__Work instruction__: Only the lines from the one with "l)) \<le> reach" through the last belong in the output; print them exactly as given below.

(Saved entries)

definition Bm :: "nat \<Rightarrow> nat \<Rightarrow> nat" where
  "Bm m l = (LEAST t. t > 0 \<and> t mod 2 = l mod 2 \<and> int l \<le> 2 * int m * int t - (int t)^2)"

text \<open>An n-path forest of order N, given by the list of its path orders (each path has >= 1 vertex).\<close>
definition path_forest :: "nat \<Rightarrow> nat \<Rightarrow> nat list \<Rightarrow> bool" where
  "path_forest n N ls \<longleftrightarrow> length ls = n \<and> (\<forall>l\<in>set ls. 1 \<le> l) \<and> sum_list ls = N"

definition impossibly_burnable :: "nat \<Rightarrow> nat list \<Rightarrow> bool" where
  "impossibly_burnable m ls \<longleftrightarrow>
     path_forest (length ls) (m^2) ls \<and> sum_list (map (Bm m) ls) > m"

definition Mn :: "nat \<Rightarrow> nat" where
  "Mn n = (GREATEST x. \<exists>m ls. length ls = n \<and> sorted ls \<and> impossibly_burnable m ls \<and> x = ls ! 0)"

end

theory Submission
  imports Defs "HOL-Library.Discrete_Functions"
begin

(*
  Write t_i = B_m(l_i). Since B_m(l) has the parity of l, the impossibility condition
  sum t_i > m sharpens to sum t_i >= m + 2, and minimality of B_m gives the concave lower bound
  l_i >= 2m(t_i - 2) - (t_i - 2)^2 + 2 whenever t_i >= 3. If some t_j <= 2 then l_1 <= 4m - 2.
  Bounding every l_i from below by a line in t_i lying under a chord of the concave bound and
  summing against sum l_i = m^2 yields an integer c >= 1 with
  c l_1 <= 12nc - 8c - 3c^2 - 10n + 9, and optimising over c gives the square-root bound.
  For the second claim, an explicit forest with floor(sqrt(2n)) paths of odd order just above 2m
  and all other paths of order 4m - 2 is impossibly burnable and has smallest path beyond the
  bound; since l_1 <= 16n for every impossibly burnable n-path forest, M_n is at least that large.
*)

section \<open>The function B_m\<close>

definition reach :: "int \<Rightarrow> int \<Rightarrow> int" where
  "reach m t = 2 * m * t - t^2"

lemma reach_chord: "reach m x = reach m a + (2 * m - a - b) * (x - a) + (x - a) * (b - x)"
  by (simp add: reach_def power2_eq_square algebra_simps)

lemma reach_ge_chord:
  assumes "a \<le> x" and "x \<le> b"
  shows "reach m a + (2 * m - a - b) * (x - a) \<le> reach m x"
  using reach_chord[of m x a b] mult_nonneg_nonneg[of "x - a" "b - x"] assms by linarith

lemma even_reach_diff: "even (reach m t - t)"
proof -
  have "reach m t - t = 2 * (m * t) - t * (t + 1)"
    by (simp add: reach_def power2_eq_square algebra_simps)
  then show ?thesis by simp
qed

definition burn_candidate :: "nat \<Rightarrow> nat \<Rightarrow> nat \<Rightarrow> bool" where
  "burn_candidate m l t \<longleftrightarrow> 0 < t \<and> (even t \<longleftrightarrow> even l) \<and> int l \<le> reach (int m) (int t)"

lemma Bm_eq_Least: "Bm m l = (LEAST t. burn_candidate m l t)"
proof -
  have "(t mod 2 = l mod 2) = (even t \<longleftrightarrow> even l)" for t :: nat
    by (simp add: even_iff_mod_2_eq_zero) presburger
  then show ?thesis by (simp add: Bm_def burn_candidate_def reach_def)
qed

lemma burn_candidate_le_Suc:
  assumes "0 < m" and "l \<le> m^2"
  obtains t where "burn_candidate m l t" and "t \<le> m + 1"
proof (cases "even m \<longleftrightarrow> even l")
  case True
  have "int l \<le> (int m)^2"
    using assms(2) by (metis of_nat_le_iff of_nat_power)
  moreover have "reach (int m) (int m) = (int m)^2" by (simp add: reach_def power2_eq_square)
  ultimately have "int l \<le> reach (int m) (int m)" by linarith
  then show ?thesis using that[of m] True assms(1) by (simp add: burn_candidate_def)
next
  case False
  then have "l < m^2" using assms(2) by (auto simp: le_less)
  then have "int l < (int m)^2" by (metis of_nat_less_iff of_nat_power)
  moreover have "reach (int m) (int (m + 1)) = (int m)^2 - 1" by (simp add: reach_def power2_eq_square algebra_simps)
  ultimately have "int l \<le> reach (int m) (int (m + 1))" by linarith
  then show ?thesis using that[of "m + 1"] False by (simp add: burn_candidate_def)
qed

lemma
  assumes "0 < m" and "l \<le> m^2"
  shows burn_candidate_Bm: "burn_candidate m l (Bm m l)"
    and Bm_le_Suc: "Bm m l \<le> m + 1"
proof -
  obtain t where t: "burn_candidate m l t" "t \<le> m + 1"
    using burn_candidate_le_Suc[OF assms] .
  show "burn_candidate m l (Bm m l)"
    unfolding Bm_eq_Least using t(1) by (rule LeastI)
  show "Bm m l \<le> m + 1"
    unfolding Bm_eq_Least using Least_le[of "burn_candidate m l", OF t(1)] t(2) by linarith
qed

lemma reach_Bm_minus_two_le:
  assumes "0 < m" and "l \<le> m^2" and "3 \<le> Bm m l"
  shows "reach (int m) (int (Bm m l) - 2) + 2 \<le> int l"
proof -
  define t where "t = Bm m l"
  have cand: "burn_candidate m l t"
    unfolding t_def using burn_candidate_Bm[OF assms(1,2)] .
  have "\<not> burn_candidate m l (t - 2)"
    unfolding t_def Bm_eq_Least by (rule not_less_Least) (use assms(3) in \<open>simp add: t_def Bm_eq_Least\<close>)
  moreover have "even (t - 2) \<longleftrightarrow> even l"
    using cand assms(3) unfolding t_def burn_candidate_def by auto
  ultimately have lt: "reach (int m) (int t - 2) < int l"
    using assms(3) unfolding t_def burn_candidate_def by simp
  have "even (int l - reach (int m) (int t - 2))"
    using even_reach_diff[of "int m" "int t - 2"] cand unfolding burn_candidate_def by auto
  then show ?thesis using lt unfolding t_def by presburger
qed

lemma Bm_ge_add_two:
  assumes "0 < m" and "l \<le> m^2" and "t \<le> m" and "even t \<longleftrightarrow> even l"
    and "reach (int m) (int t) < int l"
  shows "t + 2 \<le> Bm m l"
proof -
  have cand: "burn_candidate m l (Bm m l)"
    using burn_candidate_Bm[OF assms(1,2)] .
  have "t < Bm m l"
  proof (rule ccontr)
    assume "\<not> t < Bm m l"
    moreover have "0 \<le> (2 * int m - int (Bm m l) - int t) * (int t - int (Bm m l))"
      using \<open>\<not> t < Bm m l\<close> assms(3) by (intro mult_nonneg_nonneg) auto
    ultimately have "reach (int m) (int (Bm m l)) \<le> reach (int m) (int t)"
      using reach_ge_chord[of "int (Bm m l)" "int t" "int t" "int m"] by simp
    then show False using cand assms(5) unfolding burn_candidate_def by linarith
  qed
  then show ?thesis using cand assms(4) unfolding burn_candidate_def by presburger
qed

(* By AM-GM, 3c + (10n - 9)/c >= 2 sqrt(30n - 27) for c > 0, which turns a certificate into
   the bound of the theorem. *)
definition bound_certificate :: "int \<Rightarrow> int \<Rightarrow> bool" where
  "bound_certificate n L \<longleftrightarrow> (\<exists>c\<ge>1. c * L \<le> 12 * n * c - 8 * c - 3 * c^2 - 10 * n + 9)"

__Exercise output__:
    ultimately have "reach (int m) (int (Bm m l)) \<le> reach (int m) (int t)"
      using reach_ge_chord[of "int (Bm m l)" "int t" "int t" "int m"] by simp
    then show False using cand assms(5) unfolding burn_candidate_def by linarith
  qed
  then show ?thesis using cand assms(4) unfolding burn_candidate_def by presburger
qed

(* By AM-GM, 3c + (10n - 9)/c >= 2 sqrt(30n - 27) for c > 0, which turns a certificate into
   the bound of the theorem. *)
definition bound_certificate :: "int \<Rightarrow> int \<Rightarrow> bool" where
  "bound_certificate n L \<longleftrightarrow> (\<exists>c\<ge>1. c * L \<le> 12 * n * c - 8 * c - 3 * c^2 - 10 * n + 9)"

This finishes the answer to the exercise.